[AIM OF THE EXERCISE] Could you reproduce, word for word, everything below from the line containing "by (rule convex_linear_image)" down to the line containing "Suc.prems unfolding S_def by auto", with both of those lines included and no others?

[INPUT FOR THIS TASK]
(* Let $m,n\in\mathbb{N}$ and let $s_{j,\ell}\in\mathbb{C}$ with $\Re(s_{j,\ell})>0$ for $1\le j\le n$, $1\le\ell\le m$. Then the $n\times n$ matrix \[ \left(\prod_{\ell=1}^{m}\left(1-2^{1-s_{j,\ell}-\overline{s_{k,\ell}}}\right)\Gamma(s_{j,\ell}+\overline{s_{k,\ell}}+1)\zeta(s_{j,\ell}+\overline{s_{k,\ell}})\right)_{j,k=1}^{n} \] is positive semidefinite.
   Context: $\Gamma$ is Euler's Gamma function and $\zeta$ the Riemann zeta function; the product $(1-2^{1-s})\zeta(s)$ is understood as the entire function it defines (the singularity at $s=1$ is removable). A complex matrix $A=(a_{j,k})$ is positive semidefinite if $\sum_{j,k}a_{j,k}z_j\overline{z_k}\ge0$ for all complex $z_j$. *)

theory Defs
  imports "HOL-Analysis.Analysis" "HOL-Library.Complex_Order"
begin

text \<open>Riemann zeta function on its half-plane of absolute convergence Re s > 1.\<close>
definition zeta_series :: "complex \<Rightarrow> complex" where
  "zeta_series s = (\<Sum>n. 1 / (of_nat (Suc n)) powr s)"

text \<open>The entire function defined by (1 - 2^(1-s)) zeta(s): the unique entire function
  agreeing with (1 - 2^(1-s)) zeta(s) on Re s > 1 (analytic continuation; the
  singularity at s = 1 is removable).\<close>
definition factor_zeta :: "complex \<Rightarrow> complex" where
  "factor_zeta = (THE f. f holomorphic_on UNIV \<and>
      (\<forall>s. 1 < Re s \<longrightarrow> f s = (1 - 2 powr (1 - s)) * zeta_series s))"

definition psd_matrix :: "nat \<Rightarrow> (nat \<Rightarrow> nat \<Rightarrow> complex) \<Rightarrow> bool" where
  "psd_matrix n a \<longleftrightarrow>
     (\<forall>z :: nat \<Rightarrow> complex. (\<Sum>j=1..n. \<Sum>k=1..n. a j k * z j * cnj (z k)) \<ge> 0)"

end

theory Submission
  imports Defs "HOL-Complex_Analysis.Complex_Analysis"
begin

text \<open>For Re u > 0 the kernel K(u) = (1 - 2^(1-u)) \<zeta>(u) \<Gamma>(u+1) is the Mellin transform
  \<integral>_0^\<infinity> x^u w(x) dx of the positive weight
  w(x) = e^(-x) / (1 + e^(-x))^2 = \<Sum>(-1)^n (n+1) e^(-(n+1)x):
  integrating termwise against \<integral>_0^\<infinity> x^u e^(-cx) dx = \<Gamma>(u+1) c^(-u-1) leaves the
  alternating series \<Sum>(-1)^n (n+1)^(-u), which converges to (1 - 2^(1-u)) \<zeta>(u) for Re u > 0.
  Hence K(s_j + cnj s_k) = \<integral> x^(s_j) cnj (x^(s_k)) w(x) dx, and multiplying a positive
  semidefinite matrix entrywise by such an integral keeps it positive semidefinite, because for
  every fixed x the integrand is a positive semidefinite form; induction over the factors gives
  the theorem. The entire function (1 - 2^(1-s)) \<zeta>(s) itself is obtained from the alternating
  series by repeated Euler transforms, the N-th of which converges for Re s > 1 - N.\<close>

fun iter_diff :: "nat \<Rightarrow> ('a::{plus,one} \<Rightarrow> 'b::minus) \<Rightarrow> 'a \<Rightarrow> 'b" where
  "iter_diff 0 f x = f x"
| "iter_diff (Suc k) f x = iter_diff k f x - iter_diff k f (x + 1)"

lemma iter_diff_cmult:
  fixes f :: "'a::{plus,one} \<Rightarrow> 'b::ring"
  shows "iter_diff k (\<lambda>x. c * f x) x = c * iter_diff k f x"
  by (induction k arbitrary: x) (auto simp: algebra_simps)

lemma has_field_derivative_iter_diff:
  assumes "\<And>y. Re y > 0 \<Longrightarrow> (f has_field_derivative f' y) (at y)" and "Re x > 0"
  shows "(iter_diff k f has_field_derivative iter_diff k f' x) (at x)"
  using assms(2)
proof (induction k arbitrary: x)
  case 0
  then show ?case using assms(1) by simp
next
  case (Suc k)
  have "(iter_diff k f has_field_derivative iter_diff k f' (x + 1)) (at (x + 1))"
    using Suc by simp
  then have "((\<lambda>x. iter_diff k f (x + 1)) has_field_derivative iter_diff k f' (x + 1)) (at x)"
    using DERIV_shift by blast
  from DERIV_diff[OF Suc.IH[OF Suc.prems] this]
  show ?case by (simp add: fun_eq_iff)
qed

lemma has_field_derivative_iter_diff_param:
  assumes "\<And>y. Re y > 0 \<Longrightarrow> ((\<lambda>s. g s y) has_field_derivative g' y) (at s)" and "Re x > 0"
  shows "((\<lambda>s. iter_diff k (g s) x) has_field_derivative iter_diff k g' x) (at s)"
  using assms(2)
proof (induction k arbitrary: x)
  case 0
  then show ?case using assms(1) by simp
next
  case (Suc k)
  have "Re (x + 1) > 0" using Suc.prems by simp
  from DERIV_diff[OF Suc.IH[OF Suc.prems] Suc.IH[OF this]] show ?case by simp
qed

text \<open>Each difference step is a mean value inequality on [x, x+1]: the derivative of the k-th
  difference of y^c is c times the k-th difference of y^(c-1).\<close>
lemma norm_iter_diff_powr_le:
  fixes x :: real
  assumes "x \<ge> 1" "Re c \<le> real k"
  shows "norm (iter_diff k (\<lambda>y. y powr c) (of_real x))
           \<le> (\<Prod>i<k. norm (c - of_nat i)) * x powr (Re c - real k)"
  using assms
proof (induction k arbitrary: c x)
  case 0
  then show ?case by (simp add: norm_powr_real_powr)
next
  case (Suc k)
  let ?h = "iter_diff k (\<lambda>y. y powr c)"
  let ?B = "norm c * (\<Prod>i<k. norm (c - 1 - of_nat i)) * x powr (Re c - 1 - real k)"
  define S where "S = complex_of_real ` {x..x+1}"
  have "convex S" unfolding S_def
    by (rule convex_linear_image) (auto intro: linear_of_real)
  moreover have "(?h has_field_derivative c * iter_diff k (\<lambda>y. y powr (c - 1)) z) (at z within S)"
    if "z \<in> S" for z
  proof -
    have "Re z > 0" using that Suc.prems unfolding S_def by auto
    then have "(?h has_field_derivative iter_diff k (\<lambda>y. c * y powr (c - 1)) z) (at z)"
      by (intro has_field_derivative_iter_diff has_field_derivative_powr)
         (auto simp: complex_nonpos_Reals_iff)
    then show ?thesis by (simp add: iter_diff_cmult has_field_derivative_at_within)
  qed
  moreover have "norm (c * iter_diff k (\<lambda>y. y powr (c - 1)) z) \<le> ?B" if "z \<in> S" for z
  proof -
    obtain t where t: "z = of_real t" "x \<le> t" "t \<le> x + 1" using \<open>z \<in> S\<close> unfolding S_def by auto
    have "norm (iter_diff k (\<lambda>y. y powr (c - 1)) (of_real t))
          \<le> (\<Prod>i<k. norm (c - 1 - of_nat i)) * t powr (Re (c - 1) - real k)"
      using Suc.IH[of t "c - 1"] Suc.prems t by auto
    also have "\<dots> \<le> (\<Prod>i<k. norm (c - 1 - of_nat i)) * x powr (Re c - 1 - real k)"
      using Suc.prems t by (intro mult_left_mono) (auto intro!: powr_mono2' prod_nonneg)
    finally show ?thesis using t by (simp add: norm_mult mult.assoc mult_left_mono)
  qed
  ultimately have "norm (?h (of_real x) - ?h (of_real x + 1))
                     \<le> ?B * norm (of_real x - (of_real x + 1) :: complex)"
    by (rule field_differentiable_bound) (auto simp: S_def intro!: image_eqI[where x="x+1"])
  then have "norm (iter_diff (Suc k) (\<lambda>y. y powr c) (of_real x)) \<le> ?B" by simp
  also have "?B = (\<Prod>i<Suc k. norm (c - of_nat i)) * x powr (Re c - real (Suc k))"
    by (subst prod.lessThan_Suc_shift) (simp add: algebra_simps del: prod.lessThan_Suc)
  finally show ?case .
qed

lemma summable_real_Suc_powr:
  assumes "a < -1"
  shows "summable (\<lambda>n. real (Suc n) powr a)"
  using summable_real_powr_iff[of a] summable_Suc_iff[of "\<lambda>n. real n powr a"] assms by simp

definition euler_term :: "nat \<Rightarrow> complex \<Rightarrow> nat \<Rightarrow> complex" where
  "euler_term N s n = (-1)^n * iter_diff N (\<lambda>x. x powr (-s)) (of_nat (Suc n))"

text \<open>The N-fold Euler transform of \<Sum>(-1)^n (n+1)^(-s); by the bound on iterated differences
  its remaining series has terms of size n^(-Re s - N).\<close>
definition eta_euler :: "nat \<Rightarrow> complex \<Rightarrow> complex" where
  "eta_euler N s = (\<Sum>k<N. (1/2)^(Suc k) * iter_diff k (\<lambda>x. x powr (-s)) 1)
                   + (1/2)^N * (\<Sum>n. euler_term N s n)"

lemma norm_euler_term_le:
  assumes "- Re s \<le> real N"
  shows "norm (euler_term N s n)
           \<le> (\<Prod>i<N. norm (- s - of_nat i)) * real (Suc n) powr (- Re s - real N)"
proof -
  have "norm (iter_diff N (\<lambda>x. x powr (-s)) (of_real (real (Suc n))))
        \<le> (\<Prod>i<N. norm (- s - of_nat i)) * real (Suc n) powr (Re (-s) - real N)"
    by (rule norm_iter_diff_powr_le) (use assms in auto)
  then show ?thesis unfolding euler_term_def by (simp add: norm_mult norm_power)
qed

lemma summable_norm_euler_term:
  assumes "Re s > 1 - real N"
  shows "summable (\<lambda>n. norm (euler_term N s n))"
proof (rule summable_comparison_test[OF _ summable_mult[OF summable_real_Suc_powr]])
  show "- Re s - real N < -1" using assms by simp
  show "\<exists>N'. \<forall>n\<ge>N'. norm (norm (euler_term N s n))
          \<le> (\<Prod>i<N. norm (- s - of_nat i)) * real (Suc n) powr (- Re s - real N)"
    using norm_euler_term_le[of s N] assms by auto
qed

lemma sums_alternating_diff:
  fixes b :: "nat \<Rightarrow> 'a::real_normed_field"
  assumes "summable (\<lambda>n. (-1)^n * b n)"
  shows "(\<lambda>n. (-1)^n * (b n - b (Suc n))) sums (2 * (\<Sum>n. (-1)^n * b n) - b 0)"
proof -
  define f where "f n = (-1)^n * b n" for n
  have "f sums suminf f" using assms unfolding f_def by (simp add: summable_sums)
  moreover have "(\<lambda>n. f (Suc n)) sums (suminf f - b 0)"
    using calculation sums_Suc_iff[of f "suminf f - b 0"] by (simp add: f_def)
  ultimately have "(\<lambda>n. f n + f (Suc n)) sums (suminf f + (suminf f - b 0))"
    by (rule sums_add)
  then show ?thesis by (simp add: f_def[abs_def] algebra_simps)
qed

[REPLY]
    by (rule convex_linear_image) (auto intro: linear_of_real)
  moreover have "(?h has_field_derivative c * iter_diff k (\<lambda>y. y powr (c - 1)) z) (at z within S)"
    if "z \<in> S" for z
  proof -
    have "Re z > 0" using that Suc.prems unfolding S_def by auto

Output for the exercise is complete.